Things have been a little quiet here, blog-wise, but only because there's some good stuff coming up pretty soon, so don't go away. It all take a bit of organising - especially when there are quite a lot of loose ends to tie up from other travels. So that's had me revisiting Scotland, Gettysburg, Washington DC, Canada, England and our very own Deep South (that's a clue, son). 
I have no complaints, tasting again in memory whisky-smoked lobster and rose lemonade, clopping along on docile Robbie past Gettysburg's zigzag split-rail fences and innumerable battlefield monuments and statues (actually, 1400, near enough), puzzling out the excitement caused by nothing happening when the Washington Nationals played the Miami Marlins... It's all good stuff, with the added, literally, interest of looking up the background stuff that I always mean to research beforehand, and never do. 

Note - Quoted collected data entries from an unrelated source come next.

(* (Working in $\mathbf{ZFC}$.) Let $X$ be an infinite set of cardinality $\kappa$. Then there are exactly $2^{2^{\kappa}}$ weakly normal small generalized topologies in $X$ that induce the discrete topology of $X$.
   Context: A generalized topology in a set $X$ is a collection $\mathrm{Cov}$ of families of subsets of $X$ such that, with $\mathrm{Op}=\bigcup\mathrm{Cov}$, the triple $(X,\mathrm{Op},\mathrm{Cov})$ is a generalized topological space in the sense of Delfs–Knebusch ($\mathrm{Op}$ contains $\emptyset,X$ and is closed under finite unions and intersections; $\mathrm{Cov}$ satisfies the Delfs–Knebusch axioms for admissible coverings). It induces the topology generated by $\mathrm{Op}$. It is small if $\mathrm{Cov}$ is exactly the set of essentially finite subfamilies of $\mathrm{Op}$ (a family is essentially finite if some finite subfamily has the same union). It is weakly normal if for any two disjoint subsets $A_1,A_2$ of $X$, each a singleton or the complement of a member of $\mathrm{Op}$, there are disjoint $W_1,W_2\in\mathrm{Op}$ with $A_i\subseteq W_i$. *)

theory Defs
  imports "HOL-Analysis.Analysis" "HOL-Library.Equipollence"
begin

definition gt_Op :: "'a set set set \<Rightarrow> 'a set set" where
  "gt_Op Cov = \<Union>Cov"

But, work aside, the idea behind this blog is that everywhere you've gone becomes a part of you, and you'll be reminded of it randomly forever after (see above, right). So the main reason for this post is that I was thinking - again, but coincidentally - about Ecuador. Because the weather's turned cold, finally, and I found myself for the first time for ages tying shoelaces.
The first time I went to Quito, in 2012, I was diverted by seeing, in the main square beside the San Francisco church and monastery, an old lady selling shoelaces, all tied onto a pole that she carried around with her. I'd got used to seeing vendors of all sorts of, to me, quaint things - cellphones to rent for a call, loaves of bread on a tray balanced on someone's head - but to make a living from selling shoelaces seemed to me the most precarious of all; even more than shining shoes.

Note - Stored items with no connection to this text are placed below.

lemma subring_rat_poly_vals:
  assumes J: "finite J"
  shows "subring (rat_poly_vals J v)"
  unfolding subring_def
proof (intro conjI ballI)
  show "1 \<in> rat_poly_vals J v"
    using rat_poly_vals_sum_image[of "{()}" "\<lambda>_ _. 0" J "\<lambda>_. 1" v] by (simp add: mono_eval_def)
next
  fix x assume "x \<in> rat_poly_vals J v"
  then obtain E c where E: "finite E" "\<forall>e\<in>E. {i. e i \<noteq> 0} \<subseteq> J"
    and x: "x = (\<Sum>e\<in>E. of_rat (c e) * mono_eval v e)"
    unfolding rat_poly_vals_def by blast
  have "- x = (\<Sum>e\<in>E. of_rat (- c e) * mono_eval v e)"
    by (simp add: x sum_negf of_rat_minus)
  then show "- x \<in> rat_poly_vals J v"
    using rat_poly_vals_sum_image[OF E(1), of "\<lambda>e. e" J "\<lambda>e. - c e" v] E(2) by simp
next
  fix x y assume "x \<in> rat_poly_vals J v" "y \<in> rat_poly_vals J v"
  then obtain E c F d where E: "finite E" "\<forall>e\<in>E. {i. e i \<noteq> 0} \<subseteq> J"
    and F: "finite F" "\<forall>e\<in>F. {i. e i \<noteq> 0} \<subseteq> J"
    and x: "x = (\<Sum>e\<in>E. of_rat (c e) * mono_eval v e)"
    and y: "y = (\<Sum>e\<in>F. of_rat (d e) * mono_eval v e)"
    unfolding rat_poly_vals_def by blast
  have "x + y = (\<Sum>z\<in>E <+> F. of_rat (case_sum c d z) * mono_eval v (case_sum id id z))"
    using E(1) F(1) by (simp add: x y sum.Plus o_def)
  also have "\<dots> \<in> rat_poly_vals J v"
    using E F by (intro rat_poly_vals_sum_image) auto
  finally show "x + y \<in> rat_poly_vals J v" .
  have "x * y = (\<Sum>e\<in>E. \<Sum>f\<in>F. of_rat (c e) * mono_eval v e * (of_rat (d f) * mono_eval v f))"
    by (simp add: x y sum_product)
  also have "\<dots> = (\<Sum>z\<in>E \<times> F. of_rat (c (fst z) * d (snd z)) * mono_eval v (\<lambda>i. fst z i + snd z i))"
    unfolding sum.cartesian_product using E(2) F(2)
    by (intro sum.cong refl) (clarsimp simp: mono_eval_add[OF J] of_rat_mult mult_ac)
  also have "\<dots> \<in> rat_poly_vals J v"
    using E F by (intro rat_poly_vals_sum_image) auto
  finally show "x * y \<in> rat_poly_vals J v" .
qed

lemma rat_poly_vals_var: "i \<in> J \<Longrightarrow> v i \<in> rat_poly_vals J v"
  using rat_poly_vals_sum_image[of "{i}" "\<lambda>x j. if j = x then 1 else 0" J "\<lambda>_. 1" v]
  by (simp add: mono_eval_indicator)

lemma rat_poly_vals_mono: "J \<subseteq> J' \<Longrightarrow> rat_poly_vals J v \<subseteq> rat_poly_vals J' v"
  unfolding rat_poly_vals_def by blast

lemma rat_poly_vals_family_obtain:
  assumes "\<And>i. s i \<in> rat_poly_vals J v"
  obtains E c where "\<And>i. finite (E i)" "\<And>i e. e \<in> E i \<Longrightarrow> {j. e j \<noteq> 0} \<subseteq> J"
    "\<And>i. s i = (\<Sum>e\<in>E i. of_rat (c i e) * mono_eval v e)"
proof -
  define P where "P i Ec \<longleftrightarrow> finite (fst Ec) \<and> (\<forall>e\<in>fst Ec. {j. e j \<noteq> 0} \<subseteq> J) \<and>
      s i = (\<Sum>e\<in>fst Ec. of_rat (snd Ec e) * mono_eval v e)" for i Ec
  have "\<forall>i. \<exists>Ec. P i Ec"
    using assms unfolding rat_poly_vals_def P_def by fastforce
  then obtain Ec where "\<And>i. P i (Ec i)"
    using choice by blast
  then show ?thesis
    using that[of "\<lambda>i. fst (Ec i)" "\<lambda>i. snd (Ec i)"] by (simp add: P_def)
qed

lemma inj_on_fun_upd_pair:
  assumes "\<And>x. x \<in> D \<Longrightarrow> snd x a = 0"
  shows "inj_on (\<lambda>x. (snd x)(a := fst x)) D"
proof (rule inj_onI)
  fix x y assume x: "x \<in> D" and y: "y \<in> D" and eq: "(snd x)(a := fst x) = (snd y)(a := fst y)"
  have "snd x j = snd y j" for j
    using fun_cong[OF eq, of j] assms[OF x] assms[OF y] by (cases "j = a") simp_all
  moreover have "fst x = fst y"
    using fun_cong[OF eq, of a] by simp
  ultimately show "x = y"
    by (simp add: prod_eq_iff fun_eq_iff)
qed

lemma alg_indep_Q_poly_coeff_eq_0:
  assumes ind: "alg_indep_Q I v" and J: "finite J" "J \<subseteq> I" and a: "a \<in> I" "a \<notin> J"
    and s: "\<And>i. s i \<in> rat_poly_vals J v" and sum: "(\<Sum>i\<le>n. s i * v a ^ i) = 0"
    and i: "i \<le> n"
  shows "s i = 0"
proof -
  obtain E c where E: "\<And>i. finite (E i)" "\<And>i e. e \<in> E i \<Longrightarrow> {j. e j \<noteq> 0} \<subseteq> J"
    and s_eq: "\<And>i. s i = (\<Sum>e\<in>E i. of_rat (c i e) * mono_eval v e)"
    using rat_poly_vals_family_obtain[where s = s, OF s] by metis
  define D where "D = Sigma {..n} E"
  define Ef where "Ef x = (snd x)(a := fst x)" for x :: "nat \<times> _"
  have supp: "{j. snd x j \<noteq> 0} \<subseteq> J" if "x \<in> D" for x
  proof -
    have "snd x \<in> E (fst x)" using that by (auto simp: D_def)
    then show ?thesis by (rule E(2))
  qed
  have "snd x a = 0" if "x \<in> D" for x
    using supp[OF that] a(2) by auto
  then have "inj_on Ef D"
    unfolding Ef_def by (rule inj_on_fun_upd_pair)
  moreover have "(\<Sum>x\<in>D. of_rat (c (fst x) (snd x)) * mono_eval v (Ef x)) = 0"
  proof -
    have "(\<Sum>i\<le>n. s i * v a ^ i) = (\<Sum>i\<le>n. \<Sum>e\<in>E i. of_rat (c i e) * mono_eval v (Ef (i, e)))"
      using J(1) E(2) a(2) by (simp add: s_eq Ef_def sum_distrib_right mono_eval_fun_upd mult.assoc)
    also have "\<dots> = (\<Sum>x\<in>D. of_rat (c (fst x) (snd x)) * mono_eval v (Ef x))"
      unfolding D_def using E(1) by (simp add: sum.Sigma split_beta)
    finally show ?thesis using sum by simp
  qed
  moreover have "finite {j. Ef x j \<noteq> 0} \<and> {j. Ef x j \<noteq> 0} \<subseteq> I" if "x \<in> D" for x
  proof -
    have "{j. Ef x j \<noteq> 0} \<subseteq> insert a J"
      using supp[OF that] by (auto simp: Ef_def)
    then show ?thesis using J a(1) by (auto intro: finite_subset)
  qed
  moreover have "finite D"
    using E(1) by (simp add: D_def)
  ultimately have "c i e = 0" if "e \<in> E i" for e
    using alg_indep_Q_reindexD[OF ind, of D Ef "\<lambda>x. c (fst x) (snd x)" "(i, e)"] i that
    by (simp add: D_def)
  then show "s i = 0"
    by (simp add: s_eq)
qed

lemma alg_indep_Q_poly2_coeff_eq_0:
  assumes ind: "alg_indep_Q I v" and J: "finite J" "J \<subseteq> I"
    and ab: "a \<in> I" "b \<in> I" "a \<notin> J" "b \<notin> J" "a \<noteq> b"
    and s: "\<And>i j. s i j \<in> rat_poly_vals J v"
    and sum: "(\<Sum>i\<le>m. \<Sum>j\<le>n. s i j * v a ^ i * v b ^ j) = 0"
    and ij: "i \<le> m" "j \<le> n"
  shows "s i j = 0"
proof -
  define t where "t i = (\<Sum>j\<le>n. s i j * v b ^ j)" for i
  have sub: "subring (rat_poly_vals (insert b J) v)"
    using J by (simp add: subring_rat_poly_vals)
  have "t i \<in> rat_poly_vals (insert b J) v" for i
    unfolding t_def using s rat_poly_vals_mono[of J "insert b J" v] rat_poly_vals_var[of b "insert b J" v]
    by (intro subring_sum[OF sub] subring_mult[OF sub] subring_power[OF sub]) auto
  moreover have "(\<Sum>i\<le>m. t i * v a ^ i) = 0"
    using sum by (simp add: t_def sum_distrib_left sum_distrib_right mult_ac)
  ultimately have "t i = 0"
    using J ab by (intro alg_indep_Q_poly_coeff_eq_0[OF ind, of "insert b J" a t m i]) (simp_all add: ij)
  then show ?thesis
    using s ij(2) by (intro alg_indep_Q_poly_coeff_eq_0[OF ind J ab(2,4), of "\<lambda>j. s i j" n j])
      (simp_all add: t_def)
qed


section \<open>Exchange polynomials\<close>

lemma Ppol_reflect:
  fixes z :: "'a::field"
  assumes "z \<noteq> 0" "p l \<noteq> 0"
  shows "z ^ l * Ppol l p (inverse z) = p l * Pbar l p z"
proof -
  have "z ^ l * Ppol l p (inverse z) = z ^ l + (\<Sum>k=1..l. p k * (z ^ l / z ^ k))"
    by (simp add: Ppol_def algebra_simps sum_distrib_left power_inverse divide_inverse)
  also have "\<dots> = z ^ l + (\<Sum>k=1..l. p k * z ^ (l - k))"
    using assms(1) by (intro arg_cong2[where f = "(+)"] refl sum.cong) (simp_all add: power_diff)
  finally show ?thesis
    using assms(2) by (simp add: Pbar_def)
qed

lemma Pbar_reflect:
  fixes z :: "'a::field"
  assumes "z \<noteq> 0" "p l \<noteq> 0"
  shows "z ^ l * Pbar l p (inverse z) = inverse (p l) * Ppol l p z"
proof -
  have "z ^ l * Pbar l p (inverse z) =
      (z ^ l / z ^ l + (\<Sum>k=1..l. p k * (z ^ l / z ^ (l - k)))) / p l"
    by (simp add: Pbar_def algebra_simps sum_distrib_left power_inverse divide_inverse)
  also have "\<dots> = (1 + (\<Sum>k=1..l. p k * z ^ k)) / p l"
    using assms(1) by (intro arg_cong2[where f = "(/)"] arg_cong2[where f = "(+)"] refl sum.cong)
      (simp_all add: power_diff)
  finally show ?thesis
    by (simp add: Ppol_def divide_inverse mult.commute)
qed

definition Ppol_poly :: "nat \<Rightarrow> (nat \<Rightarrow> 'a::field) \<Rightarrow> 'a poly" where
  "Ppol_poly l p = 1 + (\<Sum>k=1..l. monom (p k) k)"

definition Pbar_poly :: "nat \<Rightarrow> (nat \<Rightarrow> 'a::field) \<Rightarrow> 'a poly" where
  "Pbar_poly l p = smult (inverse (p l)) (monom 1 l + (\<Sum>k=1..l. monom (p k) (l - k)))"

lemma poly_Ppol_poly [simp]: "poly (Ppol_poly l p) z = Ppol l p z"
  by (simp add: Ppol_poly_def Ppol_def poly_sum poly_monom)

lemma poly_Pbar_poly [simp]: "poly (Pbar_poly l p) z = Pbar l p z"
  by (simp add: Pbar_poly_def Pbar_def poly_sum poly_monom field_simps)

lemma coeff_0_Ppol_poly: "coeff (Ppol_poly l p) 0 = 1"
  by (simp add: Ppol_poly_def coeff_sum)

lemma coeff_0_Pbar_poly:
  assumes "l \<ge> 1" "p l \<noteq> 0"
  shows "coeff (Pbar_poly l p) 0 = 1"
proof -
  have "(\<Sum>k=1..l. coeff (monom (p k) (l - k)) 0) = (\<Sum>k=1..l. if k = l then p k else 0)"
    by (intro sum.cong refl) auto
  also have "\<dots> = p l"
    using assms(1) by simp
  finally show ?thesis
    using assms by (simp add: Pbar_poly_def coeff_sum)
qed

lemma Ppol_poly_in_polys_over:
  "subring R \<Longrightarrow> (\<And>k. 1 \<le> k \<Longrightarrow> k \<le> l \<Longrightarrow> p k \<in> R) \<Longrightarrow> Ppol_poly l p \<in> polys_over R"
  unfolding Ppol_poly_def
  by (intro subring_add subring_one subring_sum subring_polys_over monom_in_polys_over) auto

lemma Pbar_poly_in_polys_over:
  "subring R \<Longrightarrow> (\<And>k. 1 \<le> k \<Longrightarrow> k \<le> l \<Longrightarrow> p k \<in> R) \<Longrightarrow> inverse (p l) \<in> R \<Longrightarrow>
    Pbar_poly l p \<in> polys_over R"
  unfolding Pbar_poly_def
  by (intro smult_in_polys_over subring_add subring_sum subring_polys_over monom_in_polys_over
      subring_one) auto


section \<open>The rank 2 cluster algebra\<close>

locale rank2_cluster =
  fixes l1 l2 :: nat and p1 p2 :: "nat \<Rightarrow> 'a::field_char_0" and y1 y2 :: 'a
  assumes l1: "l1 \<ge> 1" and l2: "l2 \<ge> 1"
    and alg_indep: "alg_indep_Q (cvars l1 l2) (cval p1 p2 y1 y2)"
begin

abbreviation R :: "'a set" where "R \<equiv> zp_alg l1 l2 p1 p2 {}"
abbreviation x :: "int \<Rightarrow> 'a" where "x \<equiv> xseq l1 l2 p1 p2 y1 y2"
abbreviation T :: "int \<Rightarrow> 'a set" where "T \<equiv> Tk l1 l2 p1 p2 y1 y2"

lemma p1_nonzero: "1 \<le> k \<Longrightarrow> k \<le> l1 \<Longrightarrow> p1 k \<noteq> 0"
  using alg_indep_Q_nonzero[OF alg_indep, of "PV1 k"] by (auto simp: cvars_def)

lemma p2_nonzero: "1 \<le> k \<Longrightarrow> k \<le> l2 \<Longrightarrow> p2 k \<noteq> 0"
  using alg_indep_Q_nonzero[OF alg_indep, of "PV2 k"] by (auto simp: cvars_def)

definition exch_poly :: "int \<Rightarrow> 'a poly" where
  "exch_poly k =
     (if k mod 4 = 1 then Ppol_poly l1 p1 else if k mod 4 = 2 then Ppol_poly l2 p2
      else if k mod 4 = 3 then Pbar_poly l1 p1 else Pbar_poly l2 p2)"

lemma poly_exch_poly: "poly (exch_poly k) z = exch l1 l2 p1 p2 k z"
  by (simp add: exch_poly_def exch_def)

lemma exch_poly_in_polys_over: "exch_poly k \<in> polys_over R"
proof -
  have "Ppol_poly l1 p1 \<in> polys_over R" "Ppol_poly l2 p2 \<in> polys_over R"
    by (intro Ppol_poly_in_polys_over subring_zp_alg zp_alg.par1 zp_alg.par2; assumption)+
  moreover have "Pbar_poly l1 p1 \<in> polys_over R" "Pbar_poly l2 p2 \<in> polys_over R"
    using l1 l2 by (intro Pbar_poly_in_polys_over subring_zp_alg zp_alg.intros; simp)+
  ultimately show ?thesis
    by (simp add: exch_poly_def)
qed

lemma coeff_0_exch_poly: "coeff (exch_poly k) 0 = 1"
  using l1 l2 p1_nonzero[of l1] p2_nonzero[of l2]
  by (simp add: exch_poly_def coeff_0_Ppol_poly coeff_0_Pbar_poly)

lemma exch_poly_nonzero: "exch_poly k \<noteq> 0"
  using coeff_0_exch_poly[of k] by auto

lemma exch_poly_periodic: "exch_poly (k + 4) = exch_poly k"
  by (simp add: exch_poly_def)

lemma exch_poly_reflect:
  "\<exists>l. \<exists>u\<in>R. \<forall>z. z \<noteq> 0 \<longrightarrow> z ^ l * poly (exch_poly k) (inverse z) = u * poly (exch_poly (k + 2)) z"
proof -
  have n: "p1 l1 \<noteq> 0" "p2 l2 \<noteq> 0"
    using l1 l2 p1_nonzero[of l1] p2_nonzero[of l2] by simp_all
  have R: "p1 l1 \<in> R" "p2 l2 \<in> R" "inverse (p1 l1) \<in> R" "inverse (p2 l2) \<in> R"
    using l1 l2 by (auto intro: zp_alg.intros)
  have "k mod 4 = 0 \<or> k mod 4 = 1 \<or> k mod 4 = 2 \<or> k mod 4 = 3"
    by auto
  moreover have "(k + 2) mod 4 = (k mod 4 + 2) mod 4"
    by (simp add: mod_add_left_eq)
  ultimately show ?thesis
    using R Ppol_reflect[where p = p1 and l = l1, OF _ n(1)] Ppol_reflect[where p = p2 and l = l2, OF _ n(2)]
      Pbar_reflect[where p = p1 and l = l1, OF _ n(1)] Pbar_reflect[where p = p2 and l = l2, OF _ n(2)]
    by (auto simp: exch_poly_def)
qed

lemma xfwd_Suc: "xfwd l1 l2 p1 p2 y1 y2 (Suc n) =
    (snd (xfwd l1 l2 p1 p2 y1 y2 n),
     exch l1 l2 p1 p2 (int n + 2) (snd (xfwd l1 l2 p1 p2 y1 y2 n)) / fst (xfwd l1 l2 p1 p2 y1 y2 n))"
  by (simp add: split_beta Let_def)

lemma xbwd_Suc: "xbwd l1 l2 p1 p2 y1 y2 (Suc n) =
    (exch l1 l2 p1 p2 (1 - int n) (fst (xbwd l1 l2 p1 p2 y1 y2 n)) / snd (xbwd l1 l2 p1 p2 y1 y2 n),
     fst (xbwd l1 l2 p1 p2 y1 y2 n))"
  by (simp add: split_beta Let_def)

And then, when I was back there again last year, blow me down, there she was still! Possibly not still, one old lady looks much like another when you're flooded with new impressions and not paying detailed attention - but, anyway, there was someone similar presumably earning money by selling something as cheap and inconsequential as shoelaces. Except - and here is exactly the sort of small thing that delights me about travelling and finding out about other places and people - when I mentioned this to my guide, he was as astonished as I was. But what amazed him was learning that in my culture, people don't change their shoelaces every couple of weeks. When I said that I stick to the same pair for the life of the shoes, he was silent in disbelief. So there you go. Of course, this would be the perfect place for a photo of the old lady with her colourful bundle - but I didn't get one, so you'll just have to make do with the man and his tray of bread.